BLEU (Bilingual Evaluation Understudy), also called N-Gram Co-Occurence, was developed by IBM in 2001. It is a measure of similarity between a candidate translation and a set of reference translations, where each reference translation is equally valid. The essence of it is the following: we check how many n-grams the candidate and reference translation have in common (up to 4-grams). The idea is to focus on precision: how much of my candidate translation has correct words? However, if we only relied on precision, the machine could only output one word and precision would be super high but the translation (and recall) very bad. That’s why BLEU adds a “brevity penalty” to penalize for too short translations and improve recall.

Pros:
- easy and fast to compute
- reasonable estimate of Machine Translation (MT) quality, although limited
- way more scalable than having humans do it
Cons:
- doesn’t take meaning or grammar into account: if the references are not exhaustive (lack of synonyms) then the score is not accurate
- no focus on sentence structure or order
- score can be biased at sentence-level - BLEU is only meant to be used at corpus-level

NIST is an extension of BLEU, where we weigh the penalties of mis-matched n-grams: if we mis-match “rare” n-grams, the penalty will be higher than mis-matching common n-grams. The idea is to not give weight to usual, “stop word”-type of n-grams.

Pros:
- less weight put on unimportant words compared to BLEU, leading to potentially more accurate scores
Cons:
- still doesn’t take meaning into account, and this is potentially worse than BLEU: if the candidate translation has a valid synonym that’s not in the reference translations, then the penalty will be artificially higher

ROUGE (Recall-Oriented Understudy for Gisting Evaluation) has the same idea as BLEU but focuses on recall instead of precision: we look at how many n-grams in the reference translations are in the candidate translation (instead of the reverse with BLEU). There are 5 different ROUGE variants: ROUGE-N, ROUGE-L, ROUGE-W, ROUGE-S, ROUGE-SU.

METEOR
Similar to BLEU, but considering synonyms and stemming. This is heavier to compute.

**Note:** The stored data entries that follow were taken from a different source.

lemma corr_coloring_extend:
  assumes ca: "corr_assignment V E k L C" and "symp E" "irreflp E"
    and W: "finite W" "W \<subseteq> V" and x: "x \<in> V" "x \<notin> W"
    and few: "card {y \<in> W. E x y} < k"
    and \<phi>: "corr_coloring W E L C \<phi>"
  shows "\<exists>c. corr_coloring (insert x W) E L C (\<phi>(x := c))"
proof -
  define N where "N = {y \<in> W. E x y}"
  define F where "F = (\<Union>y\<in>N. {c. (c, \<phi> y) \<in> C x y})"
  have matching: "partial_matching (L x) (L y) (C x y) \<and> C y x = (C x y)\<inverse>" if "y \<in> N" for y
    using ca x W that by (auto simp: corr_assignment_iff_partial_matching N_def)
  have L: "finite (L x)" "card (L x) = k"
    using ca x by (auto simp: corr_assignment_def)
  have "card F \<le> (\<Sum>y\<in>N. card {c. (c, \<phi> y) \<in> C x y})"
    unfolding F_def by (rule card_UN_le) (simp add: N_def W)
  also have "\<dots> \<le> (\<Sum>y\<in>N. 1)"
    using matching by (intro sum_mono card_matched_le_1) (simp add: partial_matching_def)
  also have "\<dots> < card (L x)"
    using few L by (simp add: N_def)
  finally have "F \<noteq> L x" by blast
  moreover have "F \<subseteq> L x"
    using matching by (fastforce simp: F_def partial_matching_def)
  ultimately obtain c where c: "c \<in> L x" "c \<notin> F" by blast
  have "corr_coloring (insert x W) E L C (\<phi>(x := c))"
    unfolding corr_coloring_def
  proof (intro conjI ballI impI)
    fix v assume "v \<in> insert x W"
    then show "(\<phi>(x := c)) v \<in> L v"
      using \<phi> c by (auto simp: corr_coloring_def)
  next
    fix u v assume uv: "u \<in> insert x W" "v \<in> insert x W" and "E u v"
    have "u \<noteq> v"
      using \<open>E u v\<close> \<open>irreflp E\<close> by (auto dest: irreflpD)
    consider "u = x" | "v = x" | "u \<in> W" "v \<in> W"
      using uv by blast
    then show "((\<phi>(x := c)) u, (\<phi>(x := c)) v) \<notin> C u v"
    proof cases
      case 1
      then have "v \<in> N"
        using uv \<open>u \<noteq> v\<close> \<open>E u v\<close> by (simp add: N_def)
      then show ?thesis
        using 1 c \<open>u \<noteq> v\<close> by (auto simp: F_def)
    next
      case 2
      then have "u \<in> N"
        using uv \<open>u \<noteq> v\<close> \<open>E u v\<close> \<open>symp E\<close> by (auto simp: N_def dest: sympD)
      then show ?thesis
        using 2 c \<open>u \<noteq> v\<close> matching[of u] by (auto simp: F_def)
    next
      case 3
      then show ?thesis
        using \<phi> \<open>E u v\<close> x by (auto simp: corr_coloring_def)
    qed
  qed
  then show ?thesis ..
qed

lemma corr_colorable_greedy:
  fixes E :: "nat \<Rightarrow> nat \<Rightarrow> bool"
  assumes "symp E" "irreflp E"
    and few: "\<And>x. x < n \<Longrightarrow> card {y. y < x \<and> E x y} < k"
  shows "corr_colorable {0..<n} E k"
  unfolding corr_colorable_def
proof (intro allI impI)
  fix L C assume ca: "corr_assignment {0..<n} E k L C"
  have "j \<le> n \<Longrightarrow> \<exists>\<phi>. corr_coloring {0..<j} E L C \<phi>" for j
  proof (induction j)
    case 0
    show ?case by (simp add: corr_coloring_def)
  next
    case (Suc j)
    then obtain \<phi> where "corr_coloring {0..<j} E L C \<phi>" by auto
    then have "\<exists>c. corr_coloring (insert j {0..<j}) E L C (\<phi>(j := c))"
      using Suc.prems few[of j] by (intro corr_coloring_extend[OF ca assms(1,2)]) auto
    then show ?case
      by (auto simp: atLeast0_lessThan_Suc)
  qed
  then show "\<exists>\<phi>. corr_coloring {0..<n} E L C \<phi>" by blast
qed

lemma card_add_card_le_if_inj_on:
  assumes "inj_on f W" "f ` W \<subseteq> A - S" "S \<subseteq> A" "finite A"
  shows "card W + card S \<le> card A"
proof -
  have "card W \<le> card (A - S)"
    using assms by (intro card_inj_on_le) auto
  also have "\<dots> = card A - card S"
    using assms by (simp add: card_Diff_subset finite_subset)
  moreover have "card S \<le> card A"
    using assms by (intro card_mono)
  ultimately show ?thesis
    by linarith
qed

definition cyclic_shift :: "nat \<Rightarrow> (nat \<times> nat) set" where
  "cyclic_shift k = {(c, Suc c mod k) | c. c < k}"

lemma partial_matching_cyclic_shift: "partial_matching {0..<k} {0..<k} (cyclic_shift k)"
  unfolding partial_matching_def cyclic_shift_def inj_on_def
  by (auto simp: mod_Suc split: if_splits)

definition twisted_identity ::
    "nat \<Rightarrow> 'a \<Rightarrow> 'a set \<Rightarrow> (nat \<times> nat) set \<Rightarrow> 'a \<Rightarrow> 'a \<Rightarrow> (nat \<times> nat) set" where
  "twisted_identity k w T M x y =
     (if x = w \<and> y \<in> T then M else if y = w \<and> x \<in> T then M\<inverse> else Id_on {0..<k})"

lemma corr_assignment_twisted_identity:
  assumes "w \<notin> T" "partial_matching {0..<k} {0..<k} M"
  shows "corr_assignment V E k (\<lambda>_. {0..<k}) (twisted_identity k w T M)"
  using assms partial_matching_converse[OF assms(2)] partial_matching_Id_on[of "{0..<k}"]
  by (auto simp: corr_assignment_iff_partial_matching twisted_identity_def)

lemma Gn_adj_iff:
  assumes "n = 2*m+2"
  shows "Gn_adj n x y \<longleftrightarrow> x < n \<and> y < n \<and> x \<noteq> y \<and>
    (x \<le> 1 \<and> 2 \<le> y \<or> y \<le> 1 \<and> 2 \<le> x \<or> 2 \<le> x \<and> x < m+2 \<and> 2 \<le> y \<and> y < m+2 \<or>
     m+2 \<le> x \<and> m+2 \<le> y)"
  unfolding Gn_adj_def Let_def assms by auto

lemma Gn_corr_colorable:
  assumes "n = 2*m+2"
  shows "corr_colorable {0..<n} (Gn_adj n) (m+2)"
proof (rule corr_colorable_greedy)
  note adj = Gn_adj_iff[OF assms]
  show "symp (Gn_adj n)" "irreflp (Gn_adj n)"
    by (auto intro!: sympI irreflpI simp: adj)
  fix x assume x: "x < n"
  show "card {y. y < x \<and> Gn_adj n x y} < m+2"
  proof (cases "x < m+2")
    case True
    have "card {y. y < x \<and> Gn_adj n x y} \<le> card {..<x}"
      by (intro card_mono) auto
    with True show ?thesis by simp
  next
    case False
    then have "{y. y < x \<and> Gn_adj n x y} \<subseteq> {0, 1} \<union> {m+2..<x}"
      by (auto simp: adj)
    then have "card {y. y < x \<and> Gn_adj n x y} \<le> card ({0, 1} \<union> {m+2..<x})"
      by (intro card_mono) auto
    also have "\<dots> \<le> 2 + (x - (m+2))"
      using card_Un_le[of "{0, 1}" "{m+2..<x}"] by simp
    finally show ?thesis
      using x False assms by linarith
  qed
qed

lemma Gn_twisted_coloring_constraints:
  assumes n: "n = 2*m+2"
    and \<phi>: "corr_coloring {0..<n} (Gn_adj n) (\<lambda>_. {0..<k})
               (twisted_identity k 1 {m+2..<n} (cyclic_shift k)) \<phi>"
  shows "inj_on \<phi> {2..<m+2}" "inj_on \<phi> {m+2..<n}"
    and "\<phi> ` {2..<m+2} \<subseteq> {0..<k} - {\<phi> 0, \<phi> 1}"
    and "\<phi> ` {m+2..<n} \<subseteq> {0..<k} - {\<phi> 0, Suc (\<phi> 1) mod k}"
    and "\<phi> 0 < k" "\<phi> 1 < k"
proof -
  note adj = Gn_adj_iff[OF n]
  have bound: "m + 2 \<le> n"
    using n by simp
  let ?C = "twisted_identity k 1 {m+2..<n} (cyclic_shift k)"
  have range: "\<phi> x < k" if "x < n" for x
    using \<phi> that by (auto simp: corr_coloring_def)
  have proper: "\<phi> x \<noteq> \<phi> y" if "Gn_adj n x y" "x \<noteq> 1" "y \<noteq> 1" for x y
    using that range[of y] corr_coloring_Id_on_neq[OF \<phi>, of x y "{0..<k}"]
    by (auto simp: adj twisted_identity_def)
  have avoids_v: "\<phi> x \<noteq> \<phi> 1" if "x \<in> {2..<m+2}" for x
    using that bound range[of 1] corr_coloring_Id_on_neq[OF \<phi>, of x 1 "{0..<k}"]
    by (auto simp: adj twisted_identity_def)
  have shifted: "\<phi> x \<noteq> Suc (\<phi> 1) mod k" if "x \<in> {m+2..<n}" for x
  proof
    assume "\<phi> x = Suc (\<phi> 1) mod k"
    then have "(\<phi> x, \<phi> 1) \<in> ?C x 1"
      using that bound range[of 1] by (auto simp: twisted_identity_def cyclic_shift_def)
    moreover have "Gn_adj n x 1"
      using that by (auto simp: adj)
    ultimately show False
      using \<phi> that by (auto simp: corr_coloring_def)
  qed
  have clique_inj: "inj_on \<phi> Q"
    if "1 \<notin> Q" "\<And>x y. x \<in> Q \<Longrightarrow> y \<in> Q \<Longrightarrow> x \<noteq> y \<Longrightarrow> Gn_adj n x y" for Q
  proof (rule inj_onI, rule ccontr)
    fix x y assume "x \<in> Q" "y \<in> Q" "\<phi> x = \<phi> y" "x \<noteq> y"
    then show False
      using proper[of x y] that by auto
  qed
  show "inj_on \<phi> {2..<m+2}" "inj_on \<phi> {m+2..<n}"
    using bound by (auto intro!: clique_inj simp: adj)
  show "\<phi> ` {2..<m+2} \<subseteq> {0..<k} - {\<phi> 0, \<phi> 1}"
    using proper[of _ 0] avoids_v range bound by (auto simp: adj)
  show "\<phi> ` {m+2..<n} \<subseteq> {0..<k} - {\<phi> 0, Suc (\<phi> 1) mod k}"
    using proper[of _ 0] shifted range bound by (auto simp: adj)
  show "\<phi> 0 < k" "\<phi> 1 < k"
    using range bound by simp_all
qed

lemma Gn_not_corr_colorable:
  assumes n: "n = 2*m+2" and "1 \<le> m" "k \<le> m + 1"
  shows "\<not> corr_colorable {0..<n} (Gn_adj n) k"
proof
  have "corr_assignment {0..<n} (Gn_adj n) k (\<lambda>_. {0..<k})
          (twisted_identity k 1 {m+2..<n} (cyclic_shift k))"
    using n by (intro corr_assignment_twisted_identity) (auto simp: partial_matching_cyclic_shift)
  moreover assume "corr_colorable {0..<n} (Gn_adj n) k"
  ultimately obtain \<phi> where "corr_coloring {0..<n} (Gn_adj n) (\<lambda>_. {0..<k})
                               (twisted_identity k 1 {m+2..<n} (cyclic_shift k)) \<phi>"
    unfolding corr_colorable_def by blast
  note constraints = Gn_twisted_coloring_constraints[OF n this]
  have "card {2..<m+2} + card {\<phi> 0, \<phi> 1} \<le> card {0..<k}"
    using constraints by (intro card_add_card_le_if_inj_on) auto
  then have "\<phi> 1 = \<phi> 0" "k = m + 1"
    using assms(3) by (cases "\<phi> 1 = \<phi> 0"; simp)+
  have "card {m+2..<n} + card {\<phi> 0, Suc (\<phi> 0) mod k} \<le> card {0..<k}"
    using constraints \<open>\<phi> 1 = \<phi> 0\<close> by (intro card_add_card_le_if_inj_on) auto
  moreover have "Suc (\<phi> 0) mod k \<noteq> \<phi> 0"
    using constraints(5) \<open>k = m + 1\<close> \<open>1 \<le> m\<close> by (auto simp: mod_Suc)
  ultimately show False
    using n \<open>k = m + 1\<close> by simp
qed

theorem theorem3:
  fixes n :: nat
  assumes "even n" and "n \<ge> 4"
  shows "chi_DP (Gn_verts n) (Gn_adj n) = n div 2 + 1"
proof -
  define m where "m = n div 2 - 1"
  have n: "n = 2*m+2" and "1 \<le> m"
    using assms by (auto simp: m_def elim!: evenE)
  have "(LEAST k. corr_colorable {0..<n} (Gn_adj n) k) = m+2"
  proof (rule Least_equality)
    show "corr_colorable {0..<n} (Gn_adj n) (m+2)"
      using Gn_corr_colorable[OF n] .
    show "m+2 \<le> k" if "corr_colorable {0..<n} (Gn_adj n) k" for k
      using that Gn_not_corr_colorable[OF n \<open>1 \<le> m\<close>, of k] by linarith
  qed
  then show ?thesis
    unfolding chi_DP_def Gn_verts_def using n by simp
qed

end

zhangguanheng66 · 2019-10-24T17:23:15Z

You can use flake8 to cover the lint error.

torchtext/data/functional.py

docs/source/data/metrics.rst

test/data/test_metrics.py

torchtext/data/__init__.py

cpuhrsch · 2019-10-28T19:55:24Z

torchtext/data/metrics.py

+        assert max_n > 0
+
+        ngrams = [tuple(x.split(' ')) for x in ngrams_iterator(tokens, max_n)]
+        ngrams_counter = collections.Counter(ngrams)


Counter accepts iterators, so you can use collections.Counter(tuple(x.split(' ')) for x in ngrams_iterator(tokens, max_n)). The advantage is that you don't need to materialize the entire string, so you'll save on memory roundtrips.

I think this is a good idea. In general, we only materialize the string if really necessary. Otherwise, we just send them to next generator pipeline.

torchtext/data/metrics.py

vincentqb · 2019-10-28T19:57:39Z

test/data/test_metrics.py

+        # Partial match
+        candidate = [['My', 'full', 'pytorch', 'test']]
+        refs = [[['My', 'full', 'pytorch', 'test', '!'], ['Different']]]
+        assert round(metrics.bleu_score(candidate, refs), 4) == 0.7788


What's the source for these scores? Or how were they computed?

I computed them "by hand" by applying the math mentioned in the paper. Should I make this more explicit?

That's fine with me. Do you have more than 4 digits in your calculations?

By the way, you could use "close to 0.7788" instead of round and equal.

or torch.testing.assert_allclose

torchtext/data/metrics.py

cpuhrsch · 2019-10-28T20:03:47Z

torchtext/data/metrics.py

+    if min(clipped_counts) == 0:
+        return 0.0
+    else:
+        pn = [clipped_counts[i] / total_counts[i] for i in range(max_n)]


A lot of the math here can be done using torch.Tensors - since this is part of the DAPI ecosystem it's ok to hard a hard dependency on that. Numpy on the other hand is something we can't have a hard dependency on, because pytorch/pytorch doesn't either.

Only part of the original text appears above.